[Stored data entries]
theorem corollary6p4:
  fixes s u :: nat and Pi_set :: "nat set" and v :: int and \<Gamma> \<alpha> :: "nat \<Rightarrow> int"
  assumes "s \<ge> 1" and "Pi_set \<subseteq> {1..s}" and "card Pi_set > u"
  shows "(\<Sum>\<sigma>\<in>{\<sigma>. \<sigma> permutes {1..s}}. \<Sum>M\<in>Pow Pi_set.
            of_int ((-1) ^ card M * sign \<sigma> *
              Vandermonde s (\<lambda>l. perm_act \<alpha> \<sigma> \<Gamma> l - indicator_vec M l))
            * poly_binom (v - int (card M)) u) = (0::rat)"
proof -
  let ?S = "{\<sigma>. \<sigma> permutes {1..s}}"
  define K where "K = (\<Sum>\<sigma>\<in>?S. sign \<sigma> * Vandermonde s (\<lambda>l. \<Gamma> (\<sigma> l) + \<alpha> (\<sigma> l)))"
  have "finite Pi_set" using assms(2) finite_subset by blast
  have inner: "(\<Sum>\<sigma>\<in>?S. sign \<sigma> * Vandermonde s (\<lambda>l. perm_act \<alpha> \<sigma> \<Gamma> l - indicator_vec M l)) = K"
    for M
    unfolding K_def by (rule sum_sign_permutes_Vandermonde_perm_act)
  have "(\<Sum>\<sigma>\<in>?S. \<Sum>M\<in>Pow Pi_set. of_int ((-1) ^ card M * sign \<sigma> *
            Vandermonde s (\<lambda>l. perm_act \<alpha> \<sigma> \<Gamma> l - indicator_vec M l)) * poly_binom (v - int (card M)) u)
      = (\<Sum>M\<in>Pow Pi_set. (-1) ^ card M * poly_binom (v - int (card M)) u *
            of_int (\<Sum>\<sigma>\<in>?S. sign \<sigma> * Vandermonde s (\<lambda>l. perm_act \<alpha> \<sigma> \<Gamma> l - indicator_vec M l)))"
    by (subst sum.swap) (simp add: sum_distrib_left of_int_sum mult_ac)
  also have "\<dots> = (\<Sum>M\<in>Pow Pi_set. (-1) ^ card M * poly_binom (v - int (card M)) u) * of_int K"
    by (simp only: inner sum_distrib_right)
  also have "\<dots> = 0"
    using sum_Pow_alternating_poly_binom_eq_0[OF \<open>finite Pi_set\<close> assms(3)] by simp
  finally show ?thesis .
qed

---

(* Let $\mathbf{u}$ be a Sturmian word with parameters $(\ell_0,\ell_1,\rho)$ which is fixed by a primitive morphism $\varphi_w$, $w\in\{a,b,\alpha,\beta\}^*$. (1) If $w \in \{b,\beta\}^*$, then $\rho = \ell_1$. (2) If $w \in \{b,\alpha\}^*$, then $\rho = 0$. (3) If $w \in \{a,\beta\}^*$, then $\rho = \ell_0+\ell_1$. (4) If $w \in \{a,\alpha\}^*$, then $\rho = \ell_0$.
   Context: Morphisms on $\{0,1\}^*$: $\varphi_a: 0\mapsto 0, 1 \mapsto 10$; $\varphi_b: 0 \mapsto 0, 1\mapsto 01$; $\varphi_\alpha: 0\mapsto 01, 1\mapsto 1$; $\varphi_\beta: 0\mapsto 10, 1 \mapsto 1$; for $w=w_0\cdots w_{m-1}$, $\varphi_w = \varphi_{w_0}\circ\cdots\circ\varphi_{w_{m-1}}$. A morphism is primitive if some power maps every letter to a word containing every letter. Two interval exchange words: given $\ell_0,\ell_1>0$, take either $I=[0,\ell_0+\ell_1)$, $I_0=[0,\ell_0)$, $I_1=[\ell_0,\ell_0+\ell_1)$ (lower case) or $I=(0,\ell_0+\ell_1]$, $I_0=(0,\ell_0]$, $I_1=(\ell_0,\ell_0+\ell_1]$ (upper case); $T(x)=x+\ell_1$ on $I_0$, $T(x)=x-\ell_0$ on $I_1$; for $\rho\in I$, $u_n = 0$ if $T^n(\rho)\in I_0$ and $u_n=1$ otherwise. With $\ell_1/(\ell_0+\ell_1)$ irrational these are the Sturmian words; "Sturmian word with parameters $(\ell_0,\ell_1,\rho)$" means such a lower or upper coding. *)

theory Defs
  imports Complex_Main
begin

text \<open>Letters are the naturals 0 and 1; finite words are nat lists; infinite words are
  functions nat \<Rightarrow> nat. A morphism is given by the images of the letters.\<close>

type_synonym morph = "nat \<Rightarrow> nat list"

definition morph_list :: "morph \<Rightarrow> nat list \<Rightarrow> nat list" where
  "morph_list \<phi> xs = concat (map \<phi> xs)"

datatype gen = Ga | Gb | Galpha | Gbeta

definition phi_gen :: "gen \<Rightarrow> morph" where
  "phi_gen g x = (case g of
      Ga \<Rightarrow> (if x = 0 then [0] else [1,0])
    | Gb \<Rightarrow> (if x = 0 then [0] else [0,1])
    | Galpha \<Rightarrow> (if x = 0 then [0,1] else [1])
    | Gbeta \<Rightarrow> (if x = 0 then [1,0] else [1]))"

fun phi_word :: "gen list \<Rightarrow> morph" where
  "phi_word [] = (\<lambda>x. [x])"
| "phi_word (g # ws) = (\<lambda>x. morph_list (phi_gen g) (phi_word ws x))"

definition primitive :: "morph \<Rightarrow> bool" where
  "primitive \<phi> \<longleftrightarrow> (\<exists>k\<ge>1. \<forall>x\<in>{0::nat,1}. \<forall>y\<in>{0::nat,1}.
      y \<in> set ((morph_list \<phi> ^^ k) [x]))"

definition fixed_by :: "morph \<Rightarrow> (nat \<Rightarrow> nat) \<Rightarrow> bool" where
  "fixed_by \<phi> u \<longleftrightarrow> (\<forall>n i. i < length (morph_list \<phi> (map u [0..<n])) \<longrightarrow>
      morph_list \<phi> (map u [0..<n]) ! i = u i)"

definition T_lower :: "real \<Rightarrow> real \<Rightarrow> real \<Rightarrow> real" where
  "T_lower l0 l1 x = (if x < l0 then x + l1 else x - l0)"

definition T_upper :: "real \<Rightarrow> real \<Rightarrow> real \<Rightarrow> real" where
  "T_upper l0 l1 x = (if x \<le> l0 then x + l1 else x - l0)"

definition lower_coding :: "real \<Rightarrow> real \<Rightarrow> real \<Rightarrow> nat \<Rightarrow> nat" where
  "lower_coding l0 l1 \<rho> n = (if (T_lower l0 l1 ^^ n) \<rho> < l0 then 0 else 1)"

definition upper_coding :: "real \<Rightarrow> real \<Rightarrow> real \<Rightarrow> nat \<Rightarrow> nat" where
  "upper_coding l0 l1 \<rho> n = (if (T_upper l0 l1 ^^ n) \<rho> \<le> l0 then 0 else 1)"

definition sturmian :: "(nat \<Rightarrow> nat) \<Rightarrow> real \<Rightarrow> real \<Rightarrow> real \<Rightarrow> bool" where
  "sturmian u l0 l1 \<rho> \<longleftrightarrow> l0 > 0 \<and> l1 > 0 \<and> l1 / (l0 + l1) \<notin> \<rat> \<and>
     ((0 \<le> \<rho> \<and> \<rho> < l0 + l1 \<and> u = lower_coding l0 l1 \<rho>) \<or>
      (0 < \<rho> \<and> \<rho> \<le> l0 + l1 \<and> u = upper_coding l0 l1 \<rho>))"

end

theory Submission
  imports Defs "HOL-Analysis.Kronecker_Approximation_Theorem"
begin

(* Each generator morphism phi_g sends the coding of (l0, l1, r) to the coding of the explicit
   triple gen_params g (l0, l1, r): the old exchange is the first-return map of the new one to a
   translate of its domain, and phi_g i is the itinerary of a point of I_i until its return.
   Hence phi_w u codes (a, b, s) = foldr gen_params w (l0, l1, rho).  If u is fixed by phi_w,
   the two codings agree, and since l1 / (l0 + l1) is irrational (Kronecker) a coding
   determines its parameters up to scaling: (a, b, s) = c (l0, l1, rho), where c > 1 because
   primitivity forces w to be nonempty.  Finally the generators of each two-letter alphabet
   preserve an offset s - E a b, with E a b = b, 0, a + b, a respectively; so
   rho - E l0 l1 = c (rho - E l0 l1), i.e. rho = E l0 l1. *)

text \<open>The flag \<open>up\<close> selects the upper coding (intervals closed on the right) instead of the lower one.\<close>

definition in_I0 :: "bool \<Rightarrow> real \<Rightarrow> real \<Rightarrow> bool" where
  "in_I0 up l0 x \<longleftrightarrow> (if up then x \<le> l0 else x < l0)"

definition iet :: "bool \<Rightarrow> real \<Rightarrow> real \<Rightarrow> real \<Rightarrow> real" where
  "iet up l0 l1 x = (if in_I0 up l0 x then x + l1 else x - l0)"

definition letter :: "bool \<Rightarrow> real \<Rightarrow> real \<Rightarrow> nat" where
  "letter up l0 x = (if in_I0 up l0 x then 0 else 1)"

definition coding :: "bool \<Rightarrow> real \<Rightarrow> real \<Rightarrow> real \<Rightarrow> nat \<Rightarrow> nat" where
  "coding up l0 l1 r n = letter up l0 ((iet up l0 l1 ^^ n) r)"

--

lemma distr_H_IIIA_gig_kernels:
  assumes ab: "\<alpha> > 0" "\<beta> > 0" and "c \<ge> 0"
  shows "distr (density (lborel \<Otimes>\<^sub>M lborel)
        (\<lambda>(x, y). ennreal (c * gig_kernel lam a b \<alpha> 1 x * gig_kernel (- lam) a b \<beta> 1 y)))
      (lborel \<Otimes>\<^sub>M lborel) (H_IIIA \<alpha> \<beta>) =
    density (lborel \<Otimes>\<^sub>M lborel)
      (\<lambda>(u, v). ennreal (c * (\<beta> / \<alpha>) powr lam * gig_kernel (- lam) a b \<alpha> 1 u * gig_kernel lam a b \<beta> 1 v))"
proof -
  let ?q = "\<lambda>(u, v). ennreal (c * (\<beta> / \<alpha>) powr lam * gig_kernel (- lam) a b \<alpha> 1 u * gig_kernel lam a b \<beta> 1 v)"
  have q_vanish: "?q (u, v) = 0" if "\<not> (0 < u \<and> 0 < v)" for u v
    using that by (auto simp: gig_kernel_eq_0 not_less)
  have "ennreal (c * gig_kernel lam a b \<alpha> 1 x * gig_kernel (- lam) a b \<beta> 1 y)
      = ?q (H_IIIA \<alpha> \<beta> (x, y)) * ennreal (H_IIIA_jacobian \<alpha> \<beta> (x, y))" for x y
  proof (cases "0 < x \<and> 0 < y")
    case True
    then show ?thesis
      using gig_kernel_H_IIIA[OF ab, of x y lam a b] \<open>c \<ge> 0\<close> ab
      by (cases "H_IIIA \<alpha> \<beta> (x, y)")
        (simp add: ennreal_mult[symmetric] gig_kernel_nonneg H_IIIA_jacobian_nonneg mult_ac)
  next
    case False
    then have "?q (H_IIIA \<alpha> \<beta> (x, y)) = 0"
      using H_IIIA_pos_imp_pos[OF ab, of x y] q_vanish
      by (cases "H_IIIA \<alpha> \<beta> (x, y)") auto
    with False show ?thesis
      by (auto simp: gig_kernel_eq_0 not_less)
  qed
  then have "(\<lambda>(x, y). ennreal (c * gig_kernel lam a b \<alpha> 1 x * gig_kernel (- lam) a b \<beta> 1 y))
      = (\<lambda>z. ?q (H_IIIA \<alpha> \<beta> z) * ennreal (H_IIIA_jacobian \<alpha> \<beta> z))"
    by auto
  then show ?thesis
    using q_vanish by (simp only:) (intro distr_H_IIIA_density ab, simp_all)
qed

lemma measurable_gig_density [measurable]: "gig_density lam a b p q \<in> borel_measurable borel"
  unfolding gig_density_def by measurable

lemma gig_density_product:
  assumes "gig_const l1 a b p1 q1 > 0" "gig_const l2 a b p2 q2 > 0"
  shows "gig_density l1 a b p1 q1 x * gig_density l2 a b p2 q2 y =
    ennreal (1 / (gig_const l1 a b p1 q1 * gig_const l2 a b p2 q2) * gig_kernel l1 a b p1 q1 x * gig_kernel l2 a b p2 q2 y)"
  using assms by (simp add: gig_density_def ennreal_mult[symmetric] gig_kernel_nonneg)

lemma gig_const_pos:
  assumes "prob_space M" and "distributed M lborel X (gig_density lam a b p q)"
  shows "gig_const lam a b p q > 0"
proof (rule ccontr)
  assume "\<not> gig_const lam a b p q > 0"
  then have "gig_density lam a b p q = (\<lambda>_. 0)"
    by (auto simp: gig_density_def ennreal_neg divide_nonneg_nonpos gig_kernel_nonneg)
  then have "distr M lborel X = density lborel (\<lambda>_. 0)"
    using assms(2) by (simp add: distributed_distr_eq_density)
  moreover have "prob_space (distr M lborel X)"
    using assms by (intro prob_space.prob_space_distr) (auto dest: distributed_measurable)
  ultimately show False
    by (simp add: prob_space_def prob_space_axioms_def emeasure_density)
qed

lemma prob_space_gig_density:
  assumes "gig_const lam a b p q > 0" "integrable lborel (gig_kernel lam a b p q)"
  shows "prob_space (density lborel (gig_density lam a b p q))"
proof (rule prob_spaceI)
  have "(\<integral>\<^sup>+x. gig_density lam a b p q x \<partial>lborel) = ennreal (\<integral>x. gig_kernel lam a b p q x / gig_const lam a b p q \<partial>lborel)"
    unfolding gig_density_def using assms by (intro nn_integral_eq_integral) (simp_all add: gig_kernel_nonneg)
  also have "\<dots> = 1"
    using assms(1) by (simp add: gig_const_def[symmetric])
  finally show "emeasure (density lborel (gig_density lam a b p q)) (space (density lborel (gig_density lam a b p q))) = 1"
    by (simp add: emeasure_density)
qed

> [Assigned task] Go through the entries line by line and count those with "shows". Give only the count.

> [Response to this task] 5